Nato nel 2016, lo Spid (Sistema pubblico di identità digitale) ha contribuito a semplificare di molto i rapporti che intercorrono tra i cittadini e la pubblica amministrazione: con uno strumento agevole, alla portata di tutti, sono stati resi sicuri gli accessi agli sportelli telematici della PA.

Il servizio è sempre stato gratuito. Ma tra la fine del 2025 e il 2026 molti provider hanno reso a pagamento i loro Spid, portando molti utenti a guardarsi intorno per cercare soluzioni alternative e più economiche.

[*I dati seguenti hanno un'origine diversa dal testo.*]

lemma independent_card_le_ext_degree:
  fixes f :: "'k::field \<Rightarrow> 'l::field"
  assumes fx: "finite_ext f" and ind: "module.independent (ext_scale f) S"
  shows "finite S \<and> card S \<le> ext_degree f"
proof -
  have fe: "field_emb f" using fx by (simp add: finite_ext_def)
  interpret V: vector_space "ext_scale f" by (rule vector_space_ext_scale[OF fe])
  obtain B0 where B0: "finite B0" "V.span B0 = UNIV" using fx by (auto simp: finite_ext_def)
  obtain B where B: "V.independent B" "UNIV \<subseteq> V.span B" "card B = V.dim UNIV"
    using V.basis_exists[of UNIV] by metis
  have fB: "finite B" using V.independent_span_bound[OF B0(1) B(1)] B0(2) by simp
  have "finite S \<and> card S \<le> card B" using V.independent_span_bound[OF fB ind] B(2) by blast
  then show ?thesis using B(3) by (simp add: ext_degree_def)
qed

lemma card_basis_eq_ext_degree:
  fixes f :: "'k::field \<Rightarrow> 'l::field" and w :: "'i \<Rightarrow> 'l"
  assumes fe: "field_emb f" and D: "finite D"
    and hind: "\<And>a. (\<Sum>k\<in>D. f (a k) * w k) = 0 \<Longrightarrow> \<forall>k\<in>D. a k = 0"
    and span: "\<And>x. \<exists>a. x = (\<Sum>k\<in>D. f (a k) * w k)"
  shows "card D = ext_degree f"
proof -
  interpret V: vector_space "ext_scale f" by (rule vector_space_ext_scale[OF fe])
  have i: "inj_on w D \<and> V.independent (w ` D)"
    by (rule independent_if_trivial_relations[OF fe D hind])
  have "V.span (w ` D) = UNIV"
  proof -
    have "x \<in> V.span (w ` D)" for x
    proof -
      obtain a where a: "x = (\<Sum>k\<in>D. f (a k) * w k)" using span by blast
      have "(\<Sum>k\<in>D. ext_scale f (a k) (w k)) \<in> V.span (w ` D)"
        by (intro V.span_sum V.span_scale V.span_base) simp
      then show ?thesis using a by (simp add: ext_scale_def)
    qed
    then show ?thesis by blast
  qed
  then have "V.dim UNIV = card (w ` D)" using V.dim_eq_card[of "w ` D" UNIV] i V.span_UNIV by simp
  then show ?thesis using i card_image by (metis ext_degree_def)
qed

section \<open>An integral basis of \<open>O_L\<close> over \<open>O_K\<close>\<close>

lemma eq_if_same_residue:
  fixes k1 k2 :: int
  assumes "int e * k1 + int j1 = int e * k2 + int j2" "j1 < e" "j2 < e"
  shows "j1 = j2"
proof -
  have "int j1 = (int e * k1 + int j1) mod int e" using assms(2) by simp
  also have "\<dots> = (int e * k2 + int j2) mod int e" using assms(1) by simp
  also have "\<dots> = int j2" using assms(3) by simp
  finally show ?thesis by simp
qed

locale local_extension = K: discrete_abs_value avK cK + L: discrete_abs_value avL cL
  for avK :: "'k::field \<Rightarrow> real" and cK and avL :: "'l::field \<Rightarrow> real" and cL +
  fixes f :: "'k \<Rightarrow> 'l" and p :: 'k and s :: real
  assumes fext: "finite_ext f" and s_pos: "0 < s" and av_f: "\<And>a. avL (f a) = avK a powr s"
    and av_p: "avK p = cK" and complete_K: "complete_abs avK"
    and residue_K: "finite_residue_field avK" and residue_L: "finite_residue_field avL"
begin

abbreviation O_K :: "'k set" where "O_K \<equiv> ints avK"
abbreviation O_L :: "'l set" where "O_L \<equiv> ints avL"

lemma femb: "field_emb f"
  using fext by (simp add: finite_ext_def)

lemma av_f_le: "avK a \<le> avK b \<Longrightarrow> avL (f a) \<le> avL (f b)"
  unfolding av_f by (rule powr_mono2) (use s_pos K.av_nonneg in auto)

lemma av_f_less: "avK a < avK b \<Longrightarrow> avL (f a) < avL (f b)"
  unfolding av_f by (rule powr_less_mono2) (use s_pos K.av_nonneg in auto)

lemma av_f_le_iff: "avL (f a) \<le> avL (f b) \<longleftrightarrow> avK a \<le> avK b"
  using av_f_le av_f_less[of b a] by force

Il debutto ufficiale dello Spid è datato 2016. Promosso dall’Agenzia per l’Italia Digitale è stato pensato per andare a sostituire le credenziali “fai da te” con un’identità unica, che potesse essere utilizzata sui portali della Pubblica amministrazione. Man mano che si diffondeva, lo strumento ha iniziato ad essere impiegato anche in migliaia di servizi privati. Nell’arco di pochi mesi Inps, PagoPa, Agenzia delle Entrate e molti altri enti centrali hanno integrato lo Spid tra le proprie credenziali, rendendo palese quanto fosse comodo il nuovo sistema per loggarsi ai loro siti.